23/11/2025
The debate over flags has become strangely loud lately, as if fabric on a pole has the power to determine who belongs and who doesn’t.
Speaking as someone of mixed race, I’ve found it hard to take any of it too seriously, and certainly don’t take offence from people hoisting flags as a symbol to assert their Englishness- as if those of colour, migrants and others who’ve proudly made England their home, are any less.
Symbolism only carries the weight we give it, and if there’s one thing I’ve learnt from years of overt racism ( since Brexit), covert digs and the occasional demand that I “go home” to a place I apparently belong to more than I do here, it’s that some noise simply isn’t worth amplifying.
I’ve ignored worse, and I don’t say that flippantly. There’s a strange resilience that grows from being told you don’t quite fit here or there, as if identity were a postcode. After a while, you realise that engaging with every provocation only feeds it. Sometimes the best response to stupidity is to starve it of attention.
Which brings me to St George’s flag. If people want to fly it, I’m hardly going to lose sleep over it. In fact, I take it to be in solidarity with Palestine and rather fitting, considering St George was Palestinian. He fought alongside the Romans, yet never once set foot on British soil albeit the Romans did- invading Britain in boats, landing on the beaches of Dover. Without them, you wouldn’t have Christianity let alone the crosses you carry so proudly, defending the zionists whose forefathers rejected Jesus(peace be upon him) and demanded his crucification.
The irony is rich, don’t you think?
This is a reminder that history is always more complex than the slogans people weaponise today.
And that’s really the point.

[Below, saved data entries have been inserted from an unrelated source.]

(* For every $n\ge 2$ there is a bijection between the set of connected rooted chord diagrams with $n$ chords and the set of indecomposable rooted chord diagrams with $n$ chords having exactly two connected components. Consequently, if $I_2(x)$ denotes the ordinary generating function (by number of chords) of indecomposable chord diagrams with exactly two connected components, then $I_2(x)=C(x)-x$.
   Context: A (rooted) chord diagram with $n$ chords is a perfect matching of $\{1,\dots,2n\}$; its pairs $\{a<b\}$ are the chords. Two chords $\{a<b\},\{c<d\}$ cross if $a<c<b<d$ or $c<a<d<b$. The intersection graph has the chords as vertices and edges between crossing chords; its connected components are the connected components of the diagram, and a nonempty diagram is connected if its intersection graph is connected. A chord diagram with $n$ chords is indecomposable if there is no $k$ with $0<k<n$ such that $\{1,\dots,2k\}$ is a union of chords (the empty diagram is indecomposable by convention). $C(x)=\sum_n C_n x^n$ is the ordinary generating function of connected chord diagrams ($C_n$ = number with $n$ chords; $C(x)=x+x^2+4x^3+27x^4+\cdots$). *)

theory Defs
  imports "HOL-Computational_Algebra.Formal_Power_Series"
begin

type_synonym chord = "nat \<times> nat"

text \<open>A rooted chord diagram with n chords: a perfect matching of {1..2n},
  each chord stored as a pair (a,b) with a < b.\<close>
definition chord_diagram :: "nat \<Rightarrow> chord set \<Rightarrow> bool" where
  "chord_diagram n M \<longleftrightarrow>
     (\<forall>(a,b)\<in>M. a < b \<and> a \<in> {1..2*n} \<and> b \<in> {1..2*n}) \<and>
     (\<forall>x\<in>{1..2*n}. \<exists>!c\<in>M. x = fst c \<or> x = snd c)"

definition crosses :: "chord \<Rightarrow> chord \<Rightarrow> bool" where
  "crosses c d \<longleftrightarrow>
     (fst c < fst d \<and> fst d < snd c \<and> snd c < snd d) \<or>
     (fst d < fst c \<and> fst c < snd d \<and> snd d < snd c)"

definition conn_rel :: "chord set \<Rightarrow> (chord \<times> chord) set" where
  "conn_rel M = (Id_on M \<union> {(c,d). c \<in> M \<and> d \<in> M \<and> crosses c d})\<^sup>*"

definition components :: "chord set \<Rightarrow> chord set set" where
  "components M = M // conn_rel M"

We have far more urgent, substantive issues to pour our energy into than arguing over symbols that have been misused, misunderstood and stretched far beyond their original stories. The world is full of real crises that demand courage, clarity and compassion. More importantly, we need honest dialogues, transparency and tolerance. Not silencing voices, stifling freedom of expression or not allowing discourse that identifies honestly the ailments in our society, so we could find the cure.
If we channelled even a fraction of the passion spent bickering over flags into tackling injustice, inequality, or conflict we’d all be better for it.
Let the hype die on its own. Some fires burn out quicker when you don’t fan them.